Somente quando tive contato com o superior imediato, no dia 4 de janeiro, por eu não morar na cidade e retornar para casa assim que concluídos os plantões, formalizei a denúncia ao mesmo, por volta das 10h00, numa conversa particular em sua sala. O coordenador recebeu com surpresa e, contrariando o determinado na portaria 207 do ano de 2021 da Secretaria de Segurança Pública da Bahia, não deu imediato início ao processo de apuração, além de me dizer que pensasse sobre o que eu gostaria que ele fizesse com o meu agressor, já que a grave denúncia poderia resultar em demissão do mesmo. Eu saí para atender a uma ocorrência em seguida, mas, antes da saída, fiz um post no meu perfil do Instagram, sem relatar nomes ou cargos, sobre a dupla violência sofrida – a importunação e a revitimização por parte do estado. A partir daí, ao retornar à CRPT, no final do dia, recebi ligações de representantes dos sindicatos de policiais civis e dos peritos técnicos, que me acolheram prontamente.
No dia seguinte, 5 de janeiro, após uma madrugada de crises de ansiedade no alojamento onde fui violada, muito abalada e me sentindo vulnerável, fui à delegacia de Brumado, pouco depois das 8h da manhã, onde fui atendida pelo delegado titular, que imediatamente formalizou o registro da ocorrência, enviou relatório do fato à Corregedoria da Polícia Civil e requereu ao Judiciário medida protetiva em meu favor, proibindo o agressor de aproximação e contato comigo, concedida pelo Poder Judiciário no dia 06 de janeiro.
No dia 17 de janeiro, devido ao estado de adoecimento que os fatos me acarretaram, requeri, após consultas e com embasamento em relatórios da psicóloga que me acompanha, de uma psicóloga do Departamento Médico da Polícia e do psiquiatra disponibilizado pelo plano de saúde, remoção do local onde sofri as violências para trabalhar na Coordenadoria de Vitória da Conquista, local onde tenho acompanhamento clínico e rede de apoio estabelecida, inclusive com a possibilidade de não utilização de alojamento durante o serviço, por residir na cidade. Num primeiro momento, este pedido foi negado pelo meu superior imediato, que ainda sugeriu que eu tentasse uma permuta para uma CRPT numa cidade localizada a quase 300km de onde moro.
Desde então, apesar do afastamento das atividades concedido pela Junta Médica Oficial do Estado, tenho sofrido agravamento do meu adoecimento.

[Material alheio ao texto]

lemma card_mono_pairs_lower:
  fixes g :: "'a::linorder \<Rightarrow> 'b"
  assumes "finite A" "finite C" "g ` A \<subseteq> C"
  shows "(card A)\<^sup>2 \<le> card C * (2 * card (mono_pairs g A) + card A)"
proof -
  define fibre where "fibre c = {x \<in> A. g x = c}" for c
  have card_A: "card A = (\<Sum>c\<in>C. card (fibre c))"
    unfolding fibre_def card_eq_sum by (rule sum.group[OF assms, symmetric])
  have fin: "finite (mono_pairs g A)"
    using finite_less_pairs[OF assms(1)] unfolding mono_pairs_def less_pairs_def
    by (rule finite_subset[rotated]) auto
  have img: "(\<lambda>p. g (fst p)) ` mono_pairs g A \<subseteq> C"
    using assms(3) unfolding mono_pairs_def by auto
  have "{p \<in> mono_pairs g A. g (fst p) = c} = less_pairs (fibre c)" for c
    unfolding mono_pairs_def less_pairs_def fibre_def by auto
  then have "(\<Sum>c\<in>C. card (less_pairs (fibre c))) = (\<Sum>c\<in>C. card {p \<in> mono_pairs g A. g (fst p) = c})"
    by simp
  also have "\<dots> = card (mono_pairs g A)"
    unfolding card_eq_sum by (rule sum.group[OF fin assms(2) img])
  finally have card_pairs: "card (mono_pairs g A) = (\<Sum>c\<in>C. card (less_pairs (fibre c)))" ..
  have "2 * card (mono_pairs g A) + card A = (\<Sum>c\<in>C. (card (fibre c))\<^sup>2)"
    unfolding card_A card_pairs sum_distrib_left sum.distrib[symmetric]
    using assms(1) by (intro sum.cong) (simp_all add: card_less_pairs fibre_def)
  moreover have "real ((\<Sum>c\<in>C. card (fibre c))\<^sup>2) \<le> real ((\<Sum>c\<in>C. (card (fibre c))\<^sup>2) * card C)"
    using sum_squared_le_sum_of_squares[of "\<lambda>c. real (card (fibre c))" C] by simp
  ultimately show ?thesis
    unfolding card_A[symmetric] by (simp only: of_nat_le_iff mult.commute)
qed

definition diag_pattern :: "nat \<Rightarrow> (nat \<times> nat \<Rightarrow> nat) \<Rightarrow> nat \<Rightarrow> nat \<Rightarrow> nat \<Rightarrow> nat set" where
  "diag_pattern n f t c d =
     {x. 1 \<le> x \<and> x + t \<le> n \<and> f (x, x) = c \<and> f (x, x + t) = d \<and> f (x + t, x + t) = c}"

lemma diag_pattern_subset: "diag_pattern n f t c d \<subseteq> {1..n}"
  unfolding diag_pattern_def by auto

lemma diag_pattern_colours_distinct:
  assumes "\<not> has_mono_L n f" "0 < t" "x \<in> diag_pattern n f t c d"
  shows "c \<noteq> d"
  using assms has_mono_LI[of x x "x + t" n "x + t" f] by (auto simp: diag_pattern_def)

lemma diag_pattern_third_colour:
  assumes no_L: "\<not> has_mono_L n f" and "x < y"
    and x: "x \<in> diag_pattern n f t c d" and y: "y \<in> diag_pattern n f t c d"
  shows "f (x, y + t) \<noteq> c" "f (x, y + t) \<noteq> d"
  using no_L assms(2) x y
    has_mono_LI[of x x "y + t" n "y + t" f] has_mono_LI[of x "x + t" "y + t" n y f]
  by (auto simp: diag_pattern_def)

(* The three third-colour points (a, a + s + t), (a, b + s + t), (b, b + s + t) form an L. *)
lemma diag_pattern_no_repeated_difference:
  assumes col: "coloring 3 n f" and no_L: "\<not> has_mono_L n f" and "0 < t" "a < b" "0 < s"
    and P: "a \<in> diag_pattern n f t c d" "a + s \<in> diag_pattern n f t c d"
      "b \<in> diag_pattern n f t c d" "b + s \<in> diag_pattern n f t c d"
  shows False
proof -
  have range: "f (i, j) \<in> {1..3}" if "1 \<le> i" "i \<le> n" "1 \<le> j" "j \<le> n" for i j
    using col that by (auto simp: coloring_def grid_def)
  from P have bounds: "1 \<le> a" "b + s + t \<le> n" and cd: "f (a, a) = c" "f (a, a + t) = d"
    by (auto simp: diag_pattern_def)
  note third = diag_pattern_third_colour[OF no_L]
  have "c \<noteq> d" by (rule diag_pattern_colours_distinct[OF no_L \<open>0 < t\<close> P(1)])
  moreover have "c \<in> {1..3}" "d \<in> {1..3}"
    using cd bounds assms(4) range[of a a] range[of a "a + t"] by auto
  moreover have "f (a, a + s + t) \<notin> {c, d}" "f (a, b + s + t) \<notin> {c, d}" "f (b, b + s + t) \<notin> {c, d}"
    using third[of a "a + s"] third[of a "b + s"] third[of b "b + s"] P assms(4,5)
    by (auto simp: add.assoc)
  moreover have "f (a, a + s + t) \<in> {1..3}" "f (a, b + s + t) \<in> {1..3}" "f (b, b + s + t) \<in> {1..3}"
    by (rule range; use bounds assms(4) in linarith)+
  ultimately have "f (a, a + s + t) = f (a, b + s + t)" "f (a, b + s + t) = f (b, b + s + t)"
    by auto
  then show False
    using no_L has_mono_LI[of a "a + s + t" "b + s + t" n b f] bounds assms(4,5) by auto
qed

lemma inj_on_differences_diag_pattern:
  assumes "coloring 3 n f" "\<not> has_mono_L n f" "0 < t"
  shows "inj_on (\<lambda>(x, y). y - x) (less_pairs (diag_pattern n f t c d))"
proof -
  let ?P = "diag_pattern n f t c d"
  have no_repeat: "a = b" if "a \<in> ?P" "a + s \<in> ?P" "b \<in> ?P" "b + s \<in> ?P" "0 < s" for a b s
    using diag_pattern_no_repeated_difference[OF assms] that
    by (cases a b rule: linorder_cases) blast+
  show ?thesis
  proof (rule inj_onI, clarsimp simp: less_pairs_def)
    fix x y u v
    assume "x \<in> ?P" "y \<in> ?P" "x < y" "u \<in> ?P" "v \<in> ?P" "u < v" "y - x = v - u"
    moreover obtain s where "y = x + s" "v = u + s" "0 < s"
      using calculation by (intro that[of "y - x"]) auto
    ultimately show "x = u \<and> y = v" using no_repeat[of x s u] by simp
  qed
qed

lemma card_diag_pattern_le:
  assumes "coloring 3 n f" "\<not> has_mono_L n f" "0 < t"
  shows "card (diag_pattern n f t c d) * (card (diag_pattern n f t c d) - 1) \<le> 2 * (n - 1)"
  by (rule card_le_if_inj_on_differences[OF diag_pattern_subset inj_on_differences_diag_pattern[OF assms]])

definition diag_repeats :: "nat \<Rightarrow> (nat \<times> nat \<Rightarrow> nat) \<Rightarrow> nat \<Rightarrow> nat set" where
  "diag_repeats n f t = {x. 1 \<le> x \<and> x + t \<le> n \<and> f (x, x) = f (x + t, x + t)}"

lemma diag_repeats_subset: "diag_repeats n f t \<subseteq> {1..n - t}"
  unfolding diag_repeats_def by auto

lemma card_diag_repeats_le_distance: "card (diag_repeats n f t) \<le> n - t"
  using card_mono[OF finite_atLeastAtMost diag_repeats_subset] by simp

lemma diag_repeats_subset_diag_patterns:
  assumes col: "coloring 3 n f" and no_L: "\<not> has_mono_L n f" and "0 < t"
  shows "diag_repeats n f t \<subseteq> (\<Union>c\<in>{1..3}. \<Union>d\<in>{1..3} - {c}. diag_pattern n f t c d)"
proof
  fix x assume x: "x \<in> diag_repeats n f t"
  then have "x \<in> diag_pattern n f t (f (x, x)) (f (x, x + t))"
    by (auto simp: diag_repeats_def diag_pattern_def)
  moreover have "f (x, x) \<in> {1..3}" "f (x, x + t) \<in> {1..3}"
    using col x by (auto simp: coloring_def grid_def diag_repeats_def)
  moreover have "f (x, x) \<noteq> f (x, x + t)"
    using diag_pattern_colours_distinct[OF no_L \<open>0 < t\<close> calculation(1)] .
  ultimately show "x \<in> (\<Union>c\<in>{1..3}. \<Union>d\<in>{1..3} - {c}. diag_pattern n f t c d)"
    by (intro UN_I) auto
qed

lemma card_diag_repeats_le:
  assumes "coloring 3 n f" "\<not> has_mono_L n f" "0 < t"
    and bound: "\<And>c d. card (diag_pattern n f t c d) \<le> k"
  shows "card (diag_repeats n f t) \<le> 6 * k"
proof -
  have "card (diag_repeats n f t)
      \<le> card (\<Union>c\<in>{1..3}. \<Union>d\<in>{1..3} - {c}. diag_pattern n f t c d)"
    by (intro card_mono diag_repeats_subset_diag_patterns[OF assms(1-3)])
      (auto intro: finite_subset[OF diag_pattern_subset])
  also have "\<dots> \<le> (\<Sum>c\<in>{1..3}. \<Sum>d\<in>{1..3} - {c}. card (diag_pattern n f t c d))"
    by (intro order.trans[OF card_UN_le] sum_mono card_UN_le) simp_all
  also have "\<dots> \<le> (\<Sum>c\<in>{1..3::nat}. 2 * k)"
    by (intro sum_mono order.trans[OF sum_bounded_above[OF bound]]) simp
  finally show ?thesis by simp
qed

lemma card_mono_diag_pairs_le:
  "card (mono_pairs (\<lambda>x. f (x, x)) {1..n}) \<le> (\<Sum>t\<in>{1..<n}. card (diag_repeats n f t))"
proof -
  have "mono_pairs (\<lambda>x. f (x, x)) {1..n} \<subseteq> (\<Union>t\<in>{1..<n}. (\<lambda>x. (x, x + t)) ` diag_repeats n f t)"
  proof
    fix p assume "p \<in> mono_pairs (\<lambda>x. f (x, x)) {1..n}"
    then obtain x y where "p = (x, y)" "1 \<le> x" "y \<le> n" "x < y" "f (x, x) = f (y, y)"
      by (auto simp: mono_pairs_def)
    then have "x \<in> diag_repeats n f (y - x)" "y - x \<in> {1..<n}" "p = (x, x + (y - x))"
      by (auto simp: diag_repeats_def)
    then show "p \<in> (\<Union>t\<in>{1..<n}. (\<lambda>x. (x, x + t)) ` diag_repeats n f t)"
      by blast
  qed
  then have "card (mono_pairs (\<lambda>x. f (x, x)) {1..n})
      \<le> card (\<Union>t\<in>{1..<n}. (\<lambda>x. (x, x + t)) ` diag_repeats n f t)"
    using finite_subset[OF diag_repeats_subset] by (intro card_mono) auto
  also have "\<dots> \<le> (\<Sum>t\<in>{1..<n}. card (diag_repeats n f t))"
    by (intro order.trans[OF card_UN_le] sum_mono card_image_le)
      (simp_all add: finite_subset[OF diag_repeats_subset])
  finally show ?thesis .
qed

Devido à morosidade para resolução da solicitação da transferência, à apreensão em precisar voltar a trabalhar no local em que, comprovadamente, não me garante segurança física e psicológica, e à recente solicitação do meu superior imediato para abertura de uma sindicância contra mim, me acusando de denúncia caluniosa.
Diante do exposto, e certa de toda violência de gênero contra mim, na condição de mulher ocupando um espaço majoritariamente masculino, tenho contado com espaços de apoio para dar visibilidade a toda esta situação e buscar urgentes e necessárias mudanças de cenário social.